Taking control of your trust index score is vital. This means making promises that you can keep. It’s about proactively keeping the team’s interest at heart and communicating with precision, empathy and sensitivity. 

But what about a person’s ability to trust someone else? Every second of every day, we make judgments about the people and information around us. In a virtual world, where we can’t see what’s going on in a colleague’s life, we may need to suspend our judgments and, on occasion, give people the benefit of the doubt.

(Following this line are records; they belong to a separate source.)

(* Let $k\in\mathbb{F}$ be nonzero and for $j\in\tfrac12\mathbb{N}^+$ let $D^{(j)}=\mathrm{diag}(1,k,k^2,\dots,k^{2j})$. Then for all $j_1,j_2\in\tfrac12\mathbb{N}^+$, \[ \big(D^{(j_1)}\otimes D^{(j_2)}\big)R^{(j_1,j_2)}(t)=R^{(j_1,j_2)}(t)\big(D^{(j_1)}\otimes D^{(j_2)}\big). \]
   Context: $\mathbb{F}$ is a field of characteristic zero in which every element has a square root; $q\in\mathbb{F}$ nonzero, not a root of unity, with fixed square root $q^{1/2}$ ($q^{k/2}:=(q^{1/2})^{k}$ for integers); other $(\cdot)^{1/2}$ are fixed square roots in $\mathbb{F}$. $[n]_q=\frac{q^n-q^{-n}}{q-q^{-1}}$, $c(t)=t-t^{-1}$, $\tfrac12\mathbb{N}^+=\{\tfrac12,1,\tfrac32,\dots\}$, $t$ an indeterminate, $\otimes$ Kronecker product. Leg notation: for factors $\mathbb{F}^{n_1}\otimes\mathbb{F}^{n_2}\otimes\mathbb{F}^{n_3}$, $X_{12}=X\otimes I_{n_3}$, $X_{23}=I_{n_1}\otimes X$, $X_{13}=P(X\otimes I_{n_2})P$ with $P$ the flip of factors 2,3; for non-square $Y$, $Y_{12}=Y\otimes I_{n_3}$, $Y_{23}=I_{n_1}\otimes Y$. For $j\in\tfrac12\mathbb{N}^+$: $\mathcal{E}^{(j+\frac12)}$ is $(4j+2)\times(2j+2)$ with only nonzero entries $\mathcal{E}_{(a,a)}=\big(\frac{[2j+2-a]_q}{[2j+1]_q}\big)^{1/2}$, $\mathcal{E}_{(a+2j+1,a+1)}=\big(\frac{[a]_q}{[2j+1]_q}\big)^{1/2}$ ($1\le a\le 2j+1$); $\mathcal{F}^{(j+\frac12)}$ is $(2j+2)\times(4j+2)$ with only nonzero entries $\mathcal{F}_{(a,a)}=\frac{([2j+2-a]_q[2j+1]_q)^{1/2}}{[2j+2-a]_q+[a-1]_q}$, $\mathcal{F}_{(a+1,a+2j+1)}=\frac{([a]_q[2j+1]_q)^{1/2}}{[2j+1-a]_q+[a]_q}$ ($1\le a\le 2j+1$). $R^{(\frac12,\frac12)}(t)$ is the $4\times4$ matrix with rows $(c(qt),0,0,0),(0,c(t),c(q),0),(0,c(q),c(t),0),(0,0,0,c(qt))$; recursively $R^{(\frac12,j+\frac12)}(t)=\mathcal{F}^{(j+\frac12)}_{23}R^{(\frac12,j)}_{13}(q^{-1/2}t)R^{(\frac12,\frac12)}_{12}(q^{j}t)\mathcal{E}^{(j+\frac12)}_{23}$ (factor sizes $2,2,2j+1$) and $R^{(j_1+\frac12,j_2)}(t)=\mathcal{F}^{(j_1+\frac12)}_{12}R^{(\frac12,j_2)}_{13}(q^{-j_1}t)R^{(j_1,j_2)}_{23}(q^{1/2}t)\mathcal{E}^{(j_1+\frac12)}_{12}$ (factor sizes $2,2j_1+1,2j_2+1$). *)

theory Defs
  imports "Jordan_Normal_Form.Matrix"
begin

text \<open>Spin j in 1/2 N^+ is encoded by n = 2j (a positive natural); the
  spin-j space has dimension n+1. Indices are 0-based.\<close>

definition qnum :: "'a::field \<Rightarrow> nat \<Rightarrow> 'a" where
  "qnum q n = (q ^ n - inverse (q ^ n)) / (q - inverse q)"

definition cfun :: "'a::field \<Rightarrow> 'a" where
  "cfun t = t - inverse t"

definition kron :: "'a::semiring_0 mat \<Rightarrow> 'a mat \<Rightarrow> 'a mat" where
  "kron A B = mat (dim_row A * dim_row B) (dim_col A * dim_col B)
     (\<lambda>(i,j). A $$ (i div dim_row B, j div dim_col B) * B $$ (i mod dim_row B, j mod dim_col B))"

definition leg12 :: "nat \<Rightarrow> 'a::semiring_1 mat \<Rightarrow> 'a mat" where
  "leg12 n3 X = kron X (1\<^sub>m n3)"

definition leg23 :: "nat \<Rightarrow> 'a::semiring_1 mat \<Rightarrow> 'a mat" where
  "leg23 n1 X = kron (1\<^sub>m n1) X"

text \<open>X_13 = P (X \<otimes> I_n2) P with P the flip of factors 2,3, written entrywise:
  it acts as X on factors 1,3 and as the identity on factor 2.\<close>
definition leg13 :: "nat \<Rightarrow> nat \<Rightarrow> nat \<Rightarrow> 'a::semiring_1 mat \<Rightarrow> 'a mat" where
  "leg13 n1 n2 n3 X = mat (n1*n2*n3) (n1*n2*n3) (\<lambda>(i,j).
     if (i div n3) mod n2 = (j div n3) mod n2
     then X $$ ((i div (n2*n3)) * n3 + i mod n3, (j div (n2*n3)) * n3 + j mod n3)
     else 0)"

text \<open>E^{(j+1/2)} for n = 2j: a (2n+2) x (n+2) matrix; sr is the fixed square-root
  function.  1-based entries (a,a) and (a+n+1,a+1), 1 <= a <= n+1.\<close>
definition Emat :: "('a::field \<Rightarrow> 'a) \<Rightarrow> 'a \<Rightarrow> nat \<Rightarrow> 'a mat" where
  "Emat sr q n = mat (2*n+2) (n+2) (\<lambda>(i,j).
     if i \<le> n \<and> j = i then sr (qnum q (n+1-i) / qnum q (n+1))
     else if n+1 \<le> i \<and> i \<le> 2*n+1 \<and> j = i - n then sr (qnum q (i-n) / qnum q (n+1))
     else 0)"

definition Fmat :: "('a::field \<Rightarrow> 'a) \<Rightarrow> 'a \<Rightarrow> nat \<Rightarrow> 'a mat" where
  "Fmat sr q n = mat (n+2) (2*n+2) (\<lambda>(i,j).
     if j \<le> n \<and> i = j then
        sr (qnum q (n+1-j) * qnum q (n+1)) / (qnum q (n+1-j) + qnum q j)
     else if n+1 \<le> j \<and> j \<le> 2*n+1 \<and> i = j - n then
        sr (qnum q (j-n) * qnum q (n+1)) / (qnum q (2*n+1-j) + qnum q (j-n))
     else 0)"

definition R0 :: "'a::field \<Rightarrow> 'a \<Rightarrow> 'a mat" where
  "R0 q t = mat 4 4 (\<lambda>(i,j).
     if (i = 0 \<and> j = 0) \<or> (i = 3 \<and> j = 3) then cfun (q*t)
     else if (i = 1 \<and> j = 1) \<or> (i = 2 \<and> j = 2) then cfun t
     else if (i = 1 \<and> j = 2) \<or> (i = 2 \<and> j = 1) then cfun q
     else 0)"

text \<open>Rmat sr q qh n1 n2 t = R^{(n1/2, n2/2)}(t); qh is the fixed square root of q.\<close>
fun Rmat :: "('a::field \<Rightarrow> 'a) \<Rightarrow> 'a \<Rightarrow> 'a \<Rightarrow> nat \<Rightarrow> nat \<Rightarrow> 'a \<Rightarrow> 'a mat" where
  "Rmat sr q qh 0 n2 t = 0\<^sub>m 0 0"
| "Rmat sr q qh (Suc 0) 0 t = 0\<^sub>m 0 0"
| "Rmat sr q qh (Suc 0) (Suc 0) t = R0 q t"
| "Rmat sr q qh (Suc 0) (Suc (Suc n)) t =
     leg23 2 (Fmat sr q (Suc n))
     * leg13 2 2 (Suc n + 1) (Rmat sr q qh (Suc 0) (Suc n) (inverse qh * t))
     * leg12 (Suc n + 1) (Rmat sr q qh (Suc 0) (Suc 0) (qh ^ (Suc n) * t))
     * leg23 2 (Emat sr q (Suc n))"
| "Rmat sr q qh (Suc (Suc m)) n2 t =
     leg12 (n2 + 1) (Fmat sr q (Suc m))
     * leg13 2 (Suc m + 1) (n2 + 1) (Rmat sr q qh (Suc 0) n2 (inverse (qh ^ (Suc m)) * t))
     * leg23 2 (Rmat sr q qh (Suc m) n2 (qh * t))
     * leg12 (n2 + 1) (Emat sr q (Suc m))"

definition Dmat :: "'a::field \<Rightarrow> nat \<Rightarrow> 'a mat" where
  "Dmat k n = mat (n+1) (n+1) (\<lambda>(i,j). if i = j then k ^ i else 0)"

end

theory Submission
  imports Defs
begin

text \<open>Give the basis vector e_a \<otimes> e_b the weight a + b. The matrices R(1/2,1/2), E and F
  only have nonzero entries between basis vectors of equal weight, and this sparsity pattern
  survives matrix products, Kronecker products and the leg embeddings. By induction along
  the recursion every R(j1,j2) conserves the weight as well, while D(j1) \<otimes> D(j2) is the
  diagonal matrix with entry k^weight at each basis vector, and such a matrix commutes with
  every weight-conserving one.\<close>

definition weight_preserving :: "(nat \<Rightarrow> nat) \<Rightarrow> (nat \<Rightarrow> nat) \<Rightarrow> 'a::zero mat \<Rightarrow> bool" where
  "weight_preserving wr wc M \<longleftrightarrow>
     (\<forall>i<dim_row M. \<forall>j<dim_col M. M $$ (i,j) \<noteq> 0 \<longrightarrow> wr i = wc j)"

lemma weight_preserving_mult:
  fixes A B :: "'a::semiring_0 mat"
  assumes "dim_col A = dim_row B" "weight_preserving wr wm A" "weight_preserving wm wc B"
  shows "weight_preserving wr wc (A * B)"
  unfolding weight_preserving_def
proof (intro allI impI)
  fix i j assume i: "i < dim_row (A * B)" and j: "j < dim_col (A * B)"
    and nz: "(A * B) $$ (i,j) \<noteq> 0"
  have "(A * B) $$ (i,j) = (\<Sum>l<dim_row B. A $$ (i,l) * B $$ (l,j))"
    using i j assms(1) by (simp add: scalar_prod_def atLeast0LessThan)
  with nz obtain l where l: "l < dim_row B" "A $$ (i,l) * B $$ (l,j) \<noteq> 0"
    by (metis (no_types, lifting) lessThan_iff sum.neutral)
  have "wr i = wm l" "wm l = wc j"
    using assms(2,3) i j l assms(1) unfolding weight_preserving_def by (auto dest: mult_not_zero)
  then show "wr i = wc j" by simp
qed

lemma weight_preserving_one: "weight_preserving w w (1\<^sub>m n)"
  unfolding weight_preserving_def by auto

lemma dim_kron [simp]:
  "dim_row (kron A B) = dim_row A * dim_row B"
  "dim_col (kron A B) = dim_col A * dim_col B"
  by (simp_all add: kron_def)

lemma index_kron:
  "i < dim_row A * dim_row B \<Longrightarrow> j < dim_col A * dim_col B \<Longrightarrow>
   kron A B $$ (i,j) =
     A $$ (i div dim_row B, j div dim_col B) * B $$ (i mod dim_row B, j mod dim_col B)"
  by (simp add: kron_def)

lemma less_mult_imp_div_mod_less:
  assumes "i < a * (b::nat)"
  shows "i div b < a" "i mod b < b"
proof -
  from assms have "b > 0" by (cases b) auto
  with assms show "i div b < a" "i mod b < b" by (simp_all add: less_mult_imp_div_less)
qed

lemma weight_preserving_kron:
  assumes "weight_preserving wr wc A" "weight_preserving wr' wc' B"
  shows "weight_preserving (\<lambda>i. wr (i div dim_row B) + wr' (i mod dim_row B))
           (\<lambda>j. wc (j div dim_col B) + wc' (j mod dim_col B)) (kron A B)"
  unfolding weight_preserving_def
proof (intro allI impI)
  fix i j assume "i < dim_row (kron A B)" "j < dim_col (kron A B)"
    and nz: "kron A B $$ (i,j) \<noteq> 0"
  then have i: "i < dim_row A * dim_row B" and j: "j < dim_col A * dim_col B" by auto
  with nz show "wr (i div dim_row B) + wr' (i mod dim_row B)
      = wc (j div dim_col B) + wc' (j mod dim_col B)"
    using assms less_mult_imp_div_mod_less[OF i] less_mult_imp_div_mod_less[OF j]
    unfolding weight_preserving_def index_kron[OF i j] by (metis mult_not_zero)
qed

lemma weight_preserving_leg12:
  assumes "weight_preserving wr wc X"
    and "\<And>i. wr' i = wr (i div n) + i mod n" "\<And>j. wc' j = wc (j div n) + j mod n"
  shows "weight_preserving wr' wc' (leg12 n X)"
proof -
  have "wr' = (\<lambda>i. wr (i div n) + i mod n)" "wc' = (\<lambda>j. wc (j div n) + j mod n)"
    using assms(2,3) by auto
  then show ?thesis
    unfolding leg12_def using weight_preserving_kron[OF assms(1) weight_preserving_one] by simp
qed

lemma weight_preserving_leg23:
  assumes "weight_preserving wr wc X" "dim_row X = r" "dim_col X = c"
    and "\<And>i. wr' i = i div r + wr (i mod r)" "\<And>j. wc' j = j div c + wc (j mod c)"
  shows "weight_preserving wr' wc' (leg23 n X)"
proof -
  have "wr' = (\<lambda>i. i div r + wr (i mod r))" "wc' = (\<lambda>j. j div c + wc (j mod c))"
    using assms(4,5) by auto
  then show ?thesis
    unfolding leg23_def using weight_preserving_kron[OF weight_preserving_one assms(1)] assms(2,3)
    by simp
qed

If ostensibly untrustworthy behavior prevails, leaders need to demonstrate empathy first. A sensitive chat with the team member will help you understand why trust has broken down. Another crucial step is to develop clear agreements between colleagues about when and how the team works. Doing this will set expectations around commitments and when people are available. Team members will work asynchronously, so leaders need to encourage realistic expectations and deadlines. This factor should also spur healthy methods of conflict resolution to stop trust from breaking down. 

The study by AWI and CEBMa found that virtual teams have to work harder than their office-based counterparts to build and maintain trust. Virtual leaders should make a conscious effort to ensure that their staff develop the cohesion and predictability that make it possible.

Virtual working represents the future. To avoid being left behind, leaders need to let go of their old habits and behaviors and give people the support they need to flourish. That begins with trust.